Flow-Accelerated Corrosion Wear of Power-Generating Equipment: Investigations, Prediction, and Prevention: 2. Prediction and Prevention of General and Local Flow-Accelerated Corrosion

Abstract

The second part of this review considers physicochemical models and computer codes used for predicting flow-accelerated corrosion wear of power generating equipment. Approaches used to prevent the occurrence of general and local flow-accelerated corrosion that are based on selecting metals resistant to flow-accelerated corrosion and adjusting the water chemistry of power units are also discussed. The existing computer codes use physicochemical models of flow-accelerated corrosion and statistical data on damages inflicted to power units due to flow-accelerated corrosion processes. Advantages and drawbacks of different analytical physicochemical models describing the flow-accelerated corrosion process are pointed out together with the specific features of using them in elaborating flow-accelerated corrosion computing codes. It is shown that the processes lying at the heart of the flow-accelerated corrosion mechanism include, on the one hand, the occurrence of a protective oxide layer on the metal surface and, on the other hand, the dissolution of this layer and carryover of dissolution products in the flow. Differences between the processes through which metal undergoes flow-accelerated corrosion in a single-phase water flow and in a two-phase wet steam flow are analyzed. Thus, the redistribution of admixtures and gases between the phases that takes place in two-phase media may cause a change in the pH values, thereby significantly influencing the flow-accelerated corrosion rate. In addition, the rate with which flow-accelerated corrosion products are carried over into a two-phase stream depends on the liquid film flow mode on the streamlined surface. The flow-accelerated corrosion rate computing codes most widely known around the world, including the COMSY code (Germany), CHECWORKS SFA code (United States), BRT-CICEROTM code (France), and RAMEK code (Russia) are considered.

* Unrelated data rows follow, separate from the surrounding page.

(* Let $M$ be a regular indecomposable module which is a source module with center $c$ and radius $r$. Then $\sigma M$ is a source module with center $c$ and radius $r+1$.
   Context: Let $k$ be a field and $n\ge 3$. $T(n)$ is the $n$-regular tree; fix a bipartite orientation $\Omega$ (every vertex a sink or a source), $\sigma\Omega$ the opposite orientation. A module is a finite-dimensional $k$-representation of $(T(n),\Omega)$ or $(T(n),\sigma\Omega)$. The shift functor $\sigma$ is the composition of the Bernstein–Gelfand–Ponomarev reflection functors at all sinks, sending representations of $(T(n),\Omega)$ to representations of $(T(n),\sigma\Omega)$ and vice versa. An indecomposable module $M$ is regular if $\sigma^tM\neq 0$ for all $t\in\mathbb Z$ ($\sigma^t$ for $t<0$ being powers of the left adjoint $\sigma^-$). A path of length $t$ is a sequence $(a_0,\dots,a_t)$ of vertices, consecutive ones neighbours, with $a_{i-1}\neq a_{i+1}$; a path of length $2r$ has center $a_r$, radius $r$. For indecomposable $M$, $T(M)$ is the full subgraph on vertices $a$ with $M_a\neq0$; a diameter path is a path in $T(M)$ of maximal length $d(M)$; all diameter paths share a center, the center of $M$; $r(M)=\lfloor d(M)/2\rfloor$. $M$ is a source module if its diameter paths start and end at sources of the orientation of the quiver of which $M$ is a representation. *)

theory Defs
  imports Main
begin

text \<open>A path (a_0,...,a_t) is a nonempty list of vertices, consecutive ones adjacent,
  with a_(i-1) different from a_(i+1); its length is t = length p - 1.\<close>

definition is_path :: "('v \<Rightarrow> 'v \<Rightarrow> bool) \<Rightarrow> 'v list \<Rightarrow> bool" where
  "is_path adj p \<longleftrightarrow> p \<noteq> [] \<and>
     (\<forall>i. Suc i < length p \<longrightarrow> adj (p ! i) (p ! Suc i)) \<and>
     (\<forall>i. Suc (Suc i) < length p \<longrightarrow> p ! i \<noteq> p ! Suc (Suc i))"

Their specific features and application limits are pointed out. Information on the effect the content of chromium, molybdenum, and copper has on the flow-accelerated corrosion rate is given. It is shown that the choice of metals resistant to flow-accelerated corrosion is a combined technical and economic problem, and the way in which it is solved has an effect on the safety and reliability of power unit operation. It is pointed out that the liquid phase pH value is essentially affected by the steam wetness degree if the latter exceeds 20%.